At the 15 g imbalance (
Figure 9), variations in maximum, energy, and median parameters show how the system responded to the increased load. The 20 g load imbalance (
Figure 10) created significant dynamical variations across all features, especially in skewness and kurtosis. The 25 g imbalance analysis (
Figure 11) reveals the system’s response to substantial imbalances through standard deviation and minimum trends.
The analysis is expanded to a 15 g load imbalance as shown in
Figure 9. Changes in important parameters, such as the maximum, energy, and median, provide a detailed analysis of how the system reacts to more extreme imbalance situations. The maximum value directly indicates peak vibration amplitudes, which typically increase under severe imbalance conditions. This parameter is crucial as it reveals potential threshold violations that could indicate severe mechanical stress on the system. The energy value, calculated as the sum of squared signal amplitudes provides a comprehensive measure of the overall vibrational intensity. Under extreme imbalance conditions, energy values show significant increases reflecting the higher vibrational content across the entire signal duration. This makes energy a sensitive indicator of severe imbalance conditions.
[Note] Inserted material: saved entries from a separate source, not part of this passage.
lemma orbit_weight_add:
  fixes \<mu> :: "nat \<Rightarrow> 'a::cancel_ab_semigroup_add"
  assumes "inj \<mu>" and step: "\<And>t. \<mu> (Suc t) = \<mu> t + \<beta>" and start: "\<And>\<gamma>. \<mu> 0 \<noteq> \<gamma> + \<beta>"
  shows "orbit_weight \<mu> s (\<gamma> + \<beta>) = s * orbit_weight \<mu> s \<gamma>"
proof (cases "\<gamma> \<in> range \<mu>")
  case True
  then obtain t where "\<gamma> = \<mu> t" by blast
  then show ?thesis
    using assms(1) by (simp add: orbit_weight_def step[symmetric])
next
  case False
  have "\<gamma> + \<beta> \<notin> range \<mu>"
  proof
    assume "\<gamma> + \<beta> \<in> range \<mu>"
    then obtain t where t: "\<gamma> + \<beta> = \<mu> t" by blast
    with start[of \<gamma>] obtain t' where "t = Suc t'" by (cases t) auto
    with t step have "\<gamma> = \<mu> t'" by simp
    with False show False by blast
  qed
  with False show ?thesis by (simp add: orbit_weight_def)
qed

lemma common_shift_nonneg:
  fixes x y A B :: int
  assumes "0 < A" and "0 < B"
  obtains t where "0 \<le> x + t * A" and "0 \<le> y + t * B" and "x + t * A < A \<or> y + t * B < B"
proof -
  define t where "t = max (- (x div A)) (- (y div B))"
  have "- (x div A) * A \<le> t * A" and "- (y div B) * B \<le> t * B"
    using assms by (intro mult_right_mono; simp add: t_def)+
  then have "x mod A \<le> x + t * A" and "y mod B \<le> y + t * B"
    by (simp_all add: minus_div_mult_eq_mod[symmetric])
  moreover have "x + t * A = x mod A \<or> y + t * B = y mod B"
    by (simp add: t_def max_def minus_div_mult_eq_mod[symmetric])
  ultimately show ?thesis
    using assms by (intro that) (auto intro: order_trans[OF pos_mod_sign])
qed
fun walk_vec :: "nat list \<Rightarrow> nat set \<Rightarrow> real" where
  "walk_vec [] = 0"
| "walk_vec [v] = 0"
| "walk_vec (u # v # vs) = edge_vec u v + walk_vec (v # vs)"

lemma walk_vec_append: "walk_vec (xs @ v # ys) = walk_vec (xs @ [v]) + walk_vec (v # ys)"
  by (induction xs rule: walk_vec.induct) (auto simp: algebra_simps)

lemma path_edges_Cons_Cons: "path_edges (u # v # vs) = insert {u, v} (path_edges (v # vs))"
  unfolding path_edges_def
proof (intro set_eqI iffI)
  fix e assume "e \<in> {{(u # v # vs) ! i, (u # v # vs) ! Suc i} |i. Suc i < length (u # v # vs)}"
  then obtain i where "e = {(u # v # vs) ! i, (u # v # vs) ! Suc i}" "Suc i < length (u # v # vs)"
    by blast
  then show "e \<in> insert {u, v} {{(v # vs) ! i, (v # vs) ! Suc i} |i. Suc i < length (v # vs)}"
    by (cases i) auto
next
  fix e assume "e \<in> insert {u, v} {{(v # vs) ! i, (v # vs) ! Suc i} |i. Suc i < length (v # vs)}"
  then show "e \<in> {{(u # v # vs) ! i, (u # v # vs) ! Suc i} |i. Suc i < length (u # v # vs)}"
  proof
    assume "e = {u, v}"
    then show ?thesis by force
  next
    assume "e \<in> {{(v # vs) ! i, (v # vs) ! Suc i} |i. Suc i < length (v # vs)}"
    then obtain i where "e = {(v # vs) ! i, (v # vs) ! Suc i}" "Suc i < length (v # vs)"
      by blast
    then show ?thesis by (intro CollectI exI[of _ "Suc i"]) auto
  qed
qed

lemma path_edges_subset: "e \<in> path_edges vs \<Longrightarrow> e \<subseteq> set vs"
  by (auto simp: path_edges_def)

lemma incidence_vec_path_edges: "distinct vs \<Longrightarrow> incidence_vec (path_edges vs) = walk_vec vs"
proof (induction vs rule: walk_vec.induct)
  case (3 u v vs)
  have "{u, v} \<notin> path_edges (v # vs)"
    using "3.prems" path_edges_subset[of "{u, v}" "v # vs"] by auto
  then have "incidence_vec (path_edges (u # v # vs)) = edge_vec u v + incidence_vec (path_edges (v # vs))"
    by (auto simp: path_edges_Cons_Cons incidence_vec_def edge_vec_def fun_eq_iff)
  with 3 show ?case by simp
qed (auto simp: path_edges_def incidence_vec_def)

lemma finite_complete_edges: "finite (complete_edges n)"
  by (rule finite_subset[of _ "Pow {0..n}"]) (auto simp: complete_edges_def)

lemma edge_in_complete_edges: "i \<le> n \<Longrightarrow> j \<le> n \<Longrightarrow> i \<noteq> j \<Longrightarrow> {i, j} \<in> complete_edges n"
  by (auto simp: complete_edges_def)

lemma is_p_path_complete_edges_iff:
  "is_p_path (complete_edges n) n p vs \<longleftrightarrow>
     length vs = p + 1 \<and> distinct vs \<and> set vs \<subseteq> {0..n} \<and> hd vs = 0 \<and> last vs = n"
proof -
  have "{vs ! i, vs ! Suc i} \<in> complete_edges n"
    if "Suc i < length vs" "distinct vs" "set vs \<subseteq> {0..n}" for i
  proof -
    have "vs ! i \<noteq> vs ! Suc i"
      using that by (simp add: nth_eq_iff_index_eq)
    moreover have "vs ! i \<le> n" "vs ! Suc i \<le> n"
      using that(1,3) nth_mem[of i vs] nth_mem[of "Suc i" vs] by (auto simp del: nth_mem)
    ultimately show ?thesis
      unfolding complete_edges_def by blast
  qed
  then show ?thesis
    unfolding is_p_path_def by blast
qed

lemma is_p_path_through_inner:
  assumes "distinct vs" "set vs \<subseteq> {1..<n}" "p = length vs + 1" "0 < n"
  shows "is_p_path (complete_edges n) n p (0 # vs @ [n])"
  using assms by (auto simp: is_p_path_complete_edges_iff)

abbreviation complete_path_polytope :: "nat \<Rightarrow> nat \<Rightarrow> (nat set \<Rightarrow> real) set" where
  "complete_path_polytope n p \<equiv> path_polytope (complete_edges n) n p"

abbreviation path_dirs :: "nat \<Rightarrow> nat \<Rightarrow> (nat set \<Rightarrow> real) set" where
  "path_dirs n p \<equiv> span (diffs (complete_path_polytope n p))"

lemma walk_vec_in_path_polytope: "is_p_path E n p vs \<Longrightarrow> walk_vec vs \<in> path_polytope E n p"
  unfolding path_polytope_def
  by (rule hull_inc) (auto simp: is_p_path_def incidence_vec_path_edges[symmetric])

lemma complete_path_polytope_nonempty:
  assumes "1 \<le> p" "p \<le> n"
  shows "complete_path_polytope n p \<noteq> {}"
proof -
  have "is_p_path (complete_edges n) n p (0 # [1..<p] @ [n])"
    using assms by (intro is_p_path_through_inner) auto
  then show ?thesis
    using walk_vec_in_path_polytope by blast
qed

section \<open>Directions of the polytope spanned by exchanging a window\<close>

lemma walk_vec_segment_diff_in_path_dirs:
  assumes "is_p_path (complete_edges n) n p (H @ w # M1 @ r # T)"
    and "is_p_path (complete_edges n) n p (H @ w # M2 @ r # T)"
  shows "walk_vec (w # M1 @ [r]) - walk_vec (w # M2 @ [r]) \<in> path_dirs n p"
proof -
  have split: "walk_vec (H @ w # M @ r # T) = walk_vec (H @ [w]) + walk_vec (w # M @ [r]) + walk_vec (r # T)"
    for M
    using walk_vec_append[of H w "M @ r # T"] walk_vec_append[of "w # M" r T] by simp
  have "walk_vec (H @ w # M1 @ r # T) - walk_vec (H @ w # M2 @ r # T) \<in> diffs (complete_path_polytope n p)"
    using assms walk_vec_in_path_polytope unfolding diffs_def by blast
  then show ?thesis
    unfolding split by (intro real_vector.span_base) (simp add: algebra_simps)
qed

text \<open>A window \<open>w # M @ [r]\<close> whose inner vertices range over A can be completed, by one
  and the same head and tail, to a p-path for every choice of M: the f vertices of the completion
  that are not in the window nor 0 or n are taken from outside A.\<close>

lemma path_frame_exists:
  assumes w: "w = 0 \<or> w \<in> A" and r: "r = n \<or> r \<in> A" and "w \<noteq> r" "\<not> (w = 0 \<and> r = n)"
    and A: "A \<subseteq> {1..<n}"
    and count: "f + k + (if w = 0 then 0 else 1) + (if r = n then 0 else 1) + 1 = p"
    and room: "f + card A \<le> n - 1"
  obtains H T where "\<And>M. distinct M \<Longrightarrow> set M \<subseteq> A \<Longrightarrow> w \<notin> set M \<Longrightarrow> r \<notin> set M \<Longrightarrow>
      length M = k \<Longrightarrow> is_p_path (complete_edges n) n p (H @ w # M @ r # T)"
proof -
  have "f \<le> card ({1..<n} - A)"
    using A room finite_subset[OF A] by (simp add: card_Diff_subset)
  then obtain F where F: "distinct F" "set F \<subseteq> {1..<n} - A" "length F = f"
    by (meson finite_Diff finite_atLeastLessThan obtain_distinct_list_of_card)
  have n: "0 < n"
    using \<open>w \<noteq> r\<close> w r A by auto
  consider "w = 0" "r \<in> A" | "w \<in> A" "r = n" | "w \<in> A" "r \<in> A" "w \<noteq> 0" "r \<noteq> n"
    using assms A by fastforce
  then show thesis
  proof cases
    case 1
    show thesis
    proof (rule that[of "[]" "F @ [n]"])
      fix M assume "distinct M" "set M \<subseteq> A" "w \<notin> set M" "r \<notin> set M" "length M = k"
      then have "is_p_path (complete_edges n) n p (0 # (M @ r # F) @ [n])"
        using 1 F A count n by (intro is_p_path_through_inner) auto
      then show "is_p_path (complete_edges n) n p ([] @ w # M @ r # F @ [n])"
        using 1 by simp
    qed
  next
    case 2
    show thesis
    proof (rule that[of "0 # F" "[]"])
      fix M assume "distinct M" "set M \<subseteq> A" "w \<notin> set M" "r \<notin> set M" "length M = k"
      then have "is_p_path (complete_edges n) n p (0 # (F @ w # M) @ [n])"
        using 2 F A count n by (intro is_p_path_through_inner) auto
      then show "is_p_path (complete_edges n) n p ((0 # F) @ w # M @ r # [])"
        using 2 by simp
    qed
  next
    case 3
    show thesis
    proof (rule that[of "0 # F" "[n]"])
      fix M assume "distinct M" "set M \<subseteq> A" "w \<notin> set M" "r \<notin> set M" "length M = k"
      then have "is_p_path (complete_edges n) n p (0 # (F @ w # M @ [r]) @ [n])"
        using 3 F A count n \<open>w \<noteq> r\<close> by (intro is_p_path_through_inner) auto
      then show "is_p_path (complete_edges n) n p ((0 # F) @ w # M @ r # [n])"
        by simp
    qed
  qed
qed
text \<open>A function supported in a cube and invariant under the shift by \<open>e\<^sub>0\<close> vanishes:
  walk from the point in question in direction \<open>-e\<^sub>0\<close> until the cube is left.\<close>
lemma cube_supported_shift_invariant_eq_0:
  fixes w :: "(nat \<Rightarrow> nat) \<Rightarrow> complex"
  assumes x: "x \<in> T" and supp: "\<forall>y. y \<notin> cube n d l x \<longrightarrow> w y = 0"
    and shift: "\<forall>y\<in>T. w (tadd n d y (unitv 0)) = w y"
  shows "w z = 0"
proof (cases "z \<in> cube n d l x")
  case False then show ?thesis using supp by simp
next
  case True
  then obtain q where q: "q \<in> cube_offsets" and z: "z = tadd n d x q" unfolding cube_eq_image by blast
  have d0: "0 < d" using d_pos by simp
  have "s \<le> q 0 \<longrightarrow> w (tadd n d x (q(0:=s))) = 0" for s
  proof (induction s)
    case 0
    have "tadd n d x (q(0:=0)) \<notin> cube n d l x"
    proof
      assume "tadd n d x (q(0:=0)) \<in> cube n d l x"
      then obtain q' where q': "q' \<in> cube_offsets" and e: "tadd n d x (q(0:=0)) = tadd n d x q'"
        unfolding cube_eq_image by blast
      have "x 0 mod n = (x 0 + q' 0) mod n" using fun_cong[OF e, of 0] d0 by (simp add: tadd_def)
      moreover have "x 0 < n" "1 \<le> q' 0" "q' 0 < n"
        using x q' d0 l_less by (auto simp: torus_def cube_offsets_def)
      ultimately show False using mod_add_eq_if[of "x 0" n "q' 0"] by (simp split: if_splits)
    qed
    then show ?case using supp by blast
  next
    case (Suc s)
    have "tadd n d (tadd n d x (q(0:=s))) (unitv 0) = tadd n d x (q(0:=Suc s))"
      unfolding tadd_tadd by (rule arg_cong[where f="tadd n d x"]) (auto simp: unitv_def)
    then show ?case
      using Suc shift tadd_in_torus by (metis Suc_leD)
  qed
  then show ?thesis using z by (metis fun_upd_triv order_refl)
qed

lemma card_closed_cubes_containing: "card {x \<in> T. y \<in> closed_cube x} \<le> l ^ d"
proof -
  have "{x \<in> T. y \<in> closed_cube x} \<subseteq> (\<lambda>q. tsub y q) ` boxset d l"
  proof
    fix x assume "x \<in> {x \<in> T. y \<in> closed_cube x}"
    then obtain q where x: "x \<in> T" and q: "q \<in> boxset d l" and yq: "y = tadd n d x q"
      unfolding closed_cube_def by blast
    have "\<forall>i<d. q i \<le> n" using q l_le_n by (auto simp: boxset_def)
    then have "x = tsub y q" using tsub_tadd x yq by simp
    then show "x \<in> (\<lambda>q. tsub y q) ` boxset d l" using q by blast
  qed
  then have "card {x \<in> T. y \<in> closed_cube x} \<le> card ((\<lambda>q. tsub y q) ` boxset d l)"
    using finite_boxset by (intro card_mono) auto
  also have "\<dots> \<le> l ^ d" using card_image_le[OF finite_boxset] card_boxset by metis
  finally show ?thesis .
qed

lemma sum_sum_closed_cube_le:
  assumes nonneg: "\<forall>y. f y \<ge> (0::real)"
  shows "(\<Sum>x\<in>T. \<Sum>y\<in>closed_cube x. f y) \<le> real (l ^ d) * (\<Sum>y\<in>T. f y)"
proof -
  have "(\<Sum>x\<in>T. \<Sum>y\<in>closed_cube x. f y) \<le> (\<Sum>x\<in>T. \<Sum>q\<in>boxset d l. f (tadd n d x q))"
    unfolding closed_cube_def
    using sum_image_le[OF finite_boxset, where g = f] nonneg by (intro sum_mono) (simp add: o_def)
  also have "\<dots> = (\<Sum>q\<in>boxset d l. \<Sum>x\<in>T. f (tadd n d x q))" by (rule sum.swap)
  also have "\<dots> = (\<Sum>q\<in>boxset d l. \<Sum>y\<in>T. f y)"
    using l_le_n by (intro sum.cong refl sum_tadd_shift) (auto simp: boxset_def)
  also have "\<dots> = real (l ^ d) * (\<Sum>y\<in>T. f y)" by (simp add: card_boxset)
  finally show ?thesis .
qed

end

section \<open>Square linear systems\<close>

lemma square_mat_surj_if_inj:
  fixes M :: "'a :: field mat"
  assumes M: "M \<in> carrier_mat D D" and inj: "\<forall>c \<in> carrier_vec D. M *\<^sub>v c = 0\<^sub>v D \<longrightarrow> c = 0\<^sub>v D"
    and g: "g \<in> carrier_vec D"
  shows "\<exists>c \<in> carrier_vec D. M *\<^sub>v c = g"
proof -
  have "det M \<noteq> 0" using det_0_iff_vec_prod_zero_field[OF M] inj by auto
  then have "M \<in> Units (ring_mat TYPE('a) D ())" by (rule det_non_zero_imp_unit[OF M])
  then obtain B where B: "B \<in> carrier_mat D D" and MB: "M * B = 1\<^sub>m D"
    unfolding Units_def by (auto simp: ring_mat_simps)
  have "M *\<^sub>v (B *\<^sub>v g) = g"
    using assoc_mult_mat_vec[OF M B g] MB one_mult_mat_vec[OF g] by simp
  moreover have "B *\<^sub>v g \<in> carrier_vec D" using B g by simp
  ultimately show ?thesis by blast
qed

lemma finite_linear_system_solvable:
  fixes G :: "'p \<Rightarrow> 'p \<Rightarrow> 'a :: field"
  assumes P: "finite P"
    and inj: "\<And>c. \<forall>p\<in>P. (\<Sum>q\<in>P. c q * G q p) = 0 \<Longrightarrow> \<forall>p\<in>P. c p = 0"
  shows "\<exists>c. \<forall>p\<in>P. (\<Sum>q\<in>P. c q * G q p) = g p"
proof -
  define D where "D = card P"
  obtain E where E: "bij_betw E {0..<D} P"
    using ex_bij_betw_nat_finite[OF P] D_def by blast
  define coef where "coef c = (\<lambda>q. c $ the_inv_into {0..<D} E q)" for c :: "'a vec"
  define M where "M = mat D D (\<lambda>(i,j). G (E j) (E i))"
  have coef_E: "coef c (E j) = c $ j" if "j < D" for c j
    using E that by (simp add: coef_def bij_betw_def the_inv_into_f_f)
  have M_mult: "(M *\<^sub>v c) $ i = (\<Sum>q\<in>P. coef c q * G q (E i))"
    if "c \<in> carrier_vec D" "i < D" for c i
  proof -
    have "(M *\<^sub>v c) $ i = (\<Sum>j\<in>{0..<D}. coef c (E j) * G (E j) (E i))"
      using that coef_E by (simp add: M_def scalar_prod_def mult.commute)
    also have "\<dots> = (\<Sum>q\<in>P. coef c q * G q (E i))"
      by (rule sum.reindex_bij_betw[OF E])
    finally show ?thesis .
  qed
  have P_eq: "P = E ` {0..<D}" using E by (simp add: bij_betw_def)
  have "\<forall>c \<in> carrier_vec D. M *\<^sub>v c = 0\<^sub>v D \<longrightarrow> c = 0\<^sub>v D"
  proof (intro ballI impI)
    fix c :: "'a vec" assume c: "c \<in> carrier_vec D" and Mc: "M *\<^sub>v c = 0\<^sub>v D"
    have "\<forall>p\<in>P. (\<Sum>q\<in>P. coef c q * G q p) = 0"
    proof
      fix p assume "p \<in> P"
      then obtain i where "i < D" "p = E i" using P_eq by auto
      then show "(\<Sum>q\<in>P. coef c q * G q p) = 0" using M_mult[OF c] Mc by simp
    qed
    then have "\<forall>p\<in>P. coef c p = 0" by (rule inj)
    then have "c $ i = 0" if "i < D" for i
      using coef_E[of i c] that P_eq by auto
    then show "c = 0\<^sub>v D" using c by (intro eq_vecI) auto
  qed
  moreover have "M \<in> carrier_mat D D" by (simp add: M_def)
  moreover have "vec D (\<lambda>i. g (E i)) \<in> carrier_vec D" by simp
  ultimately obtain c where c: "c \<in> carrier_vec D" and "M *\<^sub>v c = vec D (\<lambda>i. g (E i))"
    using square_mat_surj_if_inj by blast
  have "(\<Sum>q\<in>P. coef c q * G q p) = g p" if "p \<in> P" for p
  proof -
    obtain i where "i < D" "p = E i" using \<open>p \<in> P\<close> P_eq by auto
    then show ?thesis using M_mult[OF c] \<open>M *\<^sub>v c = vec D (\<lambda>i. g (E i))\<close> by simp
  qed
  then show ?thesis by blast
qed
Figure 10 shows the effects of a 20 g load imbalance, resulting in dynamical variations in all features. Skewness and kurtosis are two characteristics that might show significant fluctuations, suggesting that the system is sensitive to increasing imbalance levels. In
Figure 11, variations in all extracted features are represented under a 25 g imbalance. Similarly, trends in standard deviation and minimum provide insight into the system’s capability to manage important imbalance issues.
Figure 12 shows limitations to the feature performance by analyzing the effects of higher load imbalance. The 30 g load analysis reveals constrained rotational frequencies, limiting frequencies above 3300 rpm, and variations in maximum and energy features, indicating system stability issues when subjected to high loads. The dynamics of all extracted features under a severe load of a 35 g imbalance are examined in the last exploration as shown in
Figure 13. At a 35 g load imbalance, significant changes appear across all features, particularly in mean, skewness, and RMS values, showing system behavior at operational limits. Each sequence spans five seconds at a 50 kHz sampling rate, providing detailed data for fault detection. In
Figure 6,
Figure 7,
Figure 8,
Figure 9,
Figure 10,
Figure 11,
Figure 12 and
Figure 13, the time is taken in microseconds.
7. Conclusions
This paper introduces effective methods for predicting induction motor faults, aiming to minimize losses and prevent disasters through advanced fault detection techniques. By leveraging SVM, KNN, and DNN, we precisely classify motor states as either “normal” or “imbalance”. Our findings demonstrate significant improvements over previous studies, notably with accuracy for optimized oversampled SVM reaching 95.4% and optimized oversampled KNN achieving an accuracy of 92.8%. These methods, enhanced by optimization and oversampling strategies, contribute significantly to fault detection in induction motors. The best-performing algorithm was DNN with FFT-based implementation of autocorrelation, achieving an impressive 99.7% accuracy. This aligns with trends in technology-driven fault identification and offers substantial benefits for industrial processes such as increased efficiency, reduced downtime, and enhanced safety
In future work, the model’s robustness will be enhanced by testing it on the testbed under varying load conditions and real-world noise. The training dataset will also be expanded with diverse fault scenarios, and adaptive learning techniques will be incorporated to improve the generalization and reliability of the model.